Then, an a posteriori 95% prediction interval around the mean Bayesian estimator is directly given by:

(26) $$ \left[{\overline{y}}_n^{\mathrm{BQ}}-2{\sigma}_n^{\mathrm{BQ}},{\overline{y}}_n^{\mathrm{BQ}}+2{\sigma}_n^{\mathrm{BQ}}\right]. $$

3.4.3. Variance-based BQ rule

The link between the posterior variance and the squared MMD has been first made by Huszár and Duvenaud (Reference Huszár and Duvenaud2012) in their Proposition 1: the expected variance in the BQ $ \mathrm{Var}\left({I}_{\mu}\left({\xi}_n\right)\right) $ is the MMD between the target distribution $ \mu $ and $ {\zeta}_n={\sum}_{i=1}^n{\mathbf{w}}_{\mathrm{BQ}}^{(i)}\delta \left({\mathbf{x}}^{(i)}\right) $ . The proof is reproduced below (as well as in Proposition 6.1 from Kanagawa et al., Reference Kanagawa, Hennig, Sejdinovic and Sriperumbudur2018):

(27a) $$ \mathrm{Var}\left({I}_{\mu}\left({\xi}_n\right)\right)=\unicode{x1D53C}\left[{\left({I}_{\mu}\left({\xi}_n\right)-{I}_{\zeta_n}\left({\xi}_n\right)\right)}^2\right] $$
(27b) $$ =\unicode{x1D53C}\left[{\left({\left\langle {\xi}_n,{P}_{\mu}\right\rangle}_{\mathrm{\mathscr{H}}(k)}-{\left\langle {\xi}_n,{P}_{\zeta_n}\right\rangle}_{\mathrm{\mathscr{H}}(k)}\right)}^2\right] $$
(27c) $$ =\unicode{x1D53C}\left[{\left\langle {\xi}_n,{P}_{\mu }-{P}_{\zeta_n}\right\rangle}_{\mathrm{\mathscr{H}}(k)}^2\right] $$
(27d) $$ =\parallel {P}_{\mu }-{P}_{\zeta_n}{\parallel}_{\mathrm{\mathscr{H}}(k)}^2 $$
(27e) $$ ={\mathrm{MMD}}_k{\left(\mu, {\zeta}_n\right)}^2. $$

Note that the transition from equation (27c) to (27d) relies on the property stating that if $ \xi $ is a GP with null trend and covariance kernel $ k $ , then $ \forall g\in \mathrm{\mathscr{H}}(k):{\left\langle \xi, g\right\rangle}_{\mathrm{\mathscr{H}}(k)}\sim \mathcal{N}\left(0,\parallel g{\parallel}_{\mathrm{\mathscr{H}}(k)}^2\right) $ . The method that sequentially builds a quadrature rule by minimizing this variance is called by the authors “sequential BQ” (SBQ).

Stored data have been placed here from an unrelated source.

(* The logic $\mathsf{ICK}\oplus((p\wedge(p\mathrel{\Box\!\!\!\rightarrow} q))\to q)$ is sound and complete with respect to the class of conditional frames $(X,\leq,\mathcal{R})$ satisfying: if $x\in a$ then $x\in{\uparrow}(R_a[x])$, for all worlds $x$ and upsets $a$.
   Context: Formulas: $\phi ::= p\mid\bot\mid\phi\wedge\phi\mid\phi\vee\phi\mid\phi\to\phi\mid\phi\mathrel{\Box\!\!\!\rightarrow}\phi$. $\mathsf{ICK}\oplus\Gamma$ is the smallest set containing intuitionistic propositional logic, $\Gamma$, $(p\mathrel{\Box\!\!\!\rightarrow}(q\wedge r))\leftrightarrow((p\mathrel{\Box\!\!\!\rightarrow} q)\wedge(p\mathrel{\Box\!\!\!\rightarrow} r))$ and $(p\mathrel{\Box\!\!\!\rightarrow}\top)\leftrightarrow\top$, closed under uniform substitution, modus ponens and congruence rules for both arguments of $\mathrel{\Box\!\!\!\rightarrow}$. A conditional frame is $(X,\leq,\mathcal{R})$, $(X,\leq)$ a nonempty preorder, $\mathcal{R}=\{R_a\mid a\text{ an upset}\}$ with $(\leq\circ R_a)\subseteq(R_a\circ\leq)$; valuations assign upsets to letters and $x\models\phi\mathrel{\Box\!\!\!\rightarrow}\psi$ iff every $y$ with $xR_{V(\phi)}y$ satisfies $\psi$. ${\uparrow}S$ is the upward closure of $S$. *)

theory Defs
  imports Main
begin

datatype fm =
    Var nat
  | Bot
  | And fm fm
  | Or fm fm
  | Imp fm fm
  | Cond fm fm

definition Top :: fm where "Top = Imp Bot Bot"

definition Iff :: "fm \<Rightarrow> fm \<Rightarrow> fm" where
  "Iff a b = And (Imp a b) (Imp b a)"

primrec subst :: "(nat \<Rightarrow> fm) \<Rightarrow> fm \<Rightarrow> fm" where
  "subst s (Var p) = s p"
| "subst s Bot = Bot"
| "subst s (And a b) = And (subst s a) (subst s b)"
| "subst s (Or a b) = Or (subst s a) (subst s b)"
| "subst s (Imp a b) = Imp (subst s a) (subst s b)"
| "subst s (Cond a b) = Cond (subst s a) (subst s b)"
text \<open>An unrefined leaf sits at depth k of the upper tree and each accepted split shrinks the
  part by the factor beta.\<close>
lemma upper_ok_unrefined_length:
  assumes "upper_ok (split_ok E beta c d) hv k t" "distinct (vlist t)" "0 < beta"
    "(xs, True) \<in> set (segs t)" "length xs \<noteq> 1"
  shows "real (length xs) * (1 / beta) ^ k \<le> real (length (vlist t))"
  using assms
proof (induction t arbitrary: k)
  case (Node l r)
  show ?case
  proof (cases "full_dtree (split_ok E beta c d) (Node l r)")
    case True
    then show ?thesis using full_dtree_no_unrefined Node.prems(4) by blast
  next
    case False
    then have "0 < k" and split: "split_ok E beta c d (set (vlist l)) (set (vlist r))"
      and "upper_ok (split_ok E beta c d) hv (k - 1) l" "upper_ok (split_ok E beta c d) hv (k - 1) r"
      using Node.prems(1) by auto
    then have "real (length xs) * (1 / beta) ^ (k - 1) \<le> real (length (vlist l))
          \<or> real (length xs) * (1 / beta) ^ (k - 1) \<le> real (length (vlist r))"
      using Node.IH Node.prems(2-5) by auto
    then have "real (length xs) * (1 / beta) ^ (k - 1) \<le> beta * real (length (vlist (Node l r)))"
      using split_ok_lengths(1,2)[OF split] Node.prems(2) by fastforce
    moreover have "(1 / beta) ^ k = (1 / beta) * (1 / beta) ^ (k - 1)"
      using \<open>0 < k\<close> by (metis Suc_diff_1 power_Suc)
    ultimately show ?thesis using \<open>0 < beta\<close> by (simp add: field_simps)
  qed
qed auto

definition cut_const :: "real \<Rightarrow> real \<Rightarrow> real \<Rightarrow> real" where
  "cut_const beta c d = max c 0 / (1 - beta powr (1 - 1 / d))"

lemma cut_const_nonneg:
  assumes "0 < beta" "beta < 1" "0 < 1 - 1 / d"
  shows "0 \<le> cut_const beta c d"
  using powr01_less_one[of beta "1 - 1 / d"] assms unfolding cut_const_def by simp

text \<open>The constant solves K = K beta^(1-1/d) + max c 0, so the cut sizes of a part of size at most
  beta n and of the split above it add up to at most K n^(1-1/d).\<close>
lemma cut_const_recurrence:
  assumes "0 < beta" "beta < 1" "0 < 1 - 1 / d"
    and "X \<le> cut_const beta c d * m powr (1 - 1 / d)" "0 \<le> m" "m \<le> beta * n"
    and "Y \<le> c * n powr (1 - 1 / d)"
  shows "X + Y \<le> cut_const beta c d * n powr (1 - 1 / d)"
proof -
  define a where "a = 1 - 1 / d"
  define K where "K = cut_const beta c d"
  have "beta powr a < 1" using assms(1-3) unfolding a_def by (simp add: powr01_less_one)
  then have K: "K * beta powr a + max c 0 = K"
    unfolding K_def cut_const_def a_def[symmetric] by (simp add: divide_simps algebra_simps)
  have "m powr a \<le> (beta * n) powr a"
    using assms(3,5,6) unfolding a_def by (intro powr_mono2) auto
  also have "\<dots> = beta powr a * n powr a" using assms(1,5,6) by (simp add: powr_mult)
  finally have "K * m powr a \<le> K * (beta powr a * n powr a)"
    using cut_const_nonneg[OF assms(1-3)] unfolding K_def by (rule mult_left_mono)
  moreover have "c * n powr a \<le> max c 0 * n powr a" by (intro mult_right_mono) auto
  ultimately have "X + Y \<le> (K * beta powr a + max c 0) * n powr a"
    using assms(4,7) unfolding K_def[symmetric] a_def[symmetric] by (simp add: algebra_simps)
  with K show ?thesis unfolding K_def a_def by simp
qed

text \<open>Cutting the leaf order of t after its first a vertices does not split an unrefined leaf.\<close>
fun clean_cut :: "nat \<Rightarrow> 'a rtree \<Rightarrow> bool" where
  "clean_cut a (Leaf v) = True"
| "clean_cut a (Unref xs) = (a = 0 \<or> length xs \<le> a)"
| "clean_cut a (Node l r) =
     (if a \<le> length (vlist l) then clean_cut a l else clean_cut (a - length (vlist l)) r)"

According to the previous proof, this criterion can be seen as an optimally weighted version of the KH criterion, as stated in the title of the paper from Huszár and Duvenaud (Reference Huszár and Duvenaud2012). Later, Briol et al. (Reference Briol, Oates, Girolami, Osborne, Jordan, LeCun and Solla2015) proved the weak convergence of $ {I}_{\mu}\left({\xi}_n\right) $ toward the target integral.

Closer to wind turbine applications, Huchet (Reference Huchet2018) and Huchet et al. (Reference Huchet, Mattrand, Beaurepaire, Relun and Gayton2019) introduced the “Adaptive Kriging Damage Assessment” method: a Kriging-based method for mean damage estimation that is very close to SBQ. However, this type of method inherits the limits from both KH and BQ since it searches for optimal design points among a candidate set and computes an inverse variance–covariance matrix. These numerical operations cannot easily scale up to high dimensions.

Remark 3. Every quadrature method introduced in this section has been built without any observation of the possibly costly function $ g $ . Therefore, they cannot be categorized as active learning approaches. Contrarily, Kanagawa and Hennig (Reference Kanagawa and Hennig2019) present a set of methods for BQ with transformations (i.e., adding a positivity constraint on the function $ g $ ), which are truly active learning methods.

4. Numerical experiments

This section presents numerical results computed on two different analytical toy cases, respectively, in dimension 2 (toy case #1) and dimension 10 (toy case #2), with easy-to-evaluate functions $ g\left(\cdot \right) $ and associated input distributions $ \mu $ (see Table 4). Therefore, reference values can easily be computed with great precision. For each toy case, a large reference Monte Carlo sample ( $ {N}_{\mathrm{ref}}={10}^8 $ ) is taken. This first benchmark compares the mean estimation of toy cases given by a quasi-Monte Carlo technique (abbreviated by QMC in the next figures) which consists herein using a Sobol’ sequence, and KH with the three kernels defined in Table 3. Notice that the quasi-Monte Carlo designs are first generated on the unit hypercube and then, transformed using the generalized Nataf transformation to follow the target distribution (Lebrun and Dutfoy, Reference Lebrun and Dutfoy2009). Additionally, the performances of KH for both uniform and optimally weighted Eq. (25) estimators are compared.

Table 4. Analytical toy cases

All the following results and methods (i.e., the kernel-based sampling and BQ methods) have been implemented in a new open-source Python package named otkerneldesignFootnote 5. This development mostly relies on the open source software OpenTURNSFootnote 6 (“Open source initiative for the Treatment of Uncertainties, Risks’N Statistics”) devoted to uncertainty quantification and statistical learning (Baudin et al., Reference Baudin, Dutfoy, Iooss, Popelin, Ghanem, Higdon and Owhadi2017). Finally, note that the numerical experiments for the toy cases are available in the Git repository named ctbenchmarkFootnote 7 for reproducibility purposes.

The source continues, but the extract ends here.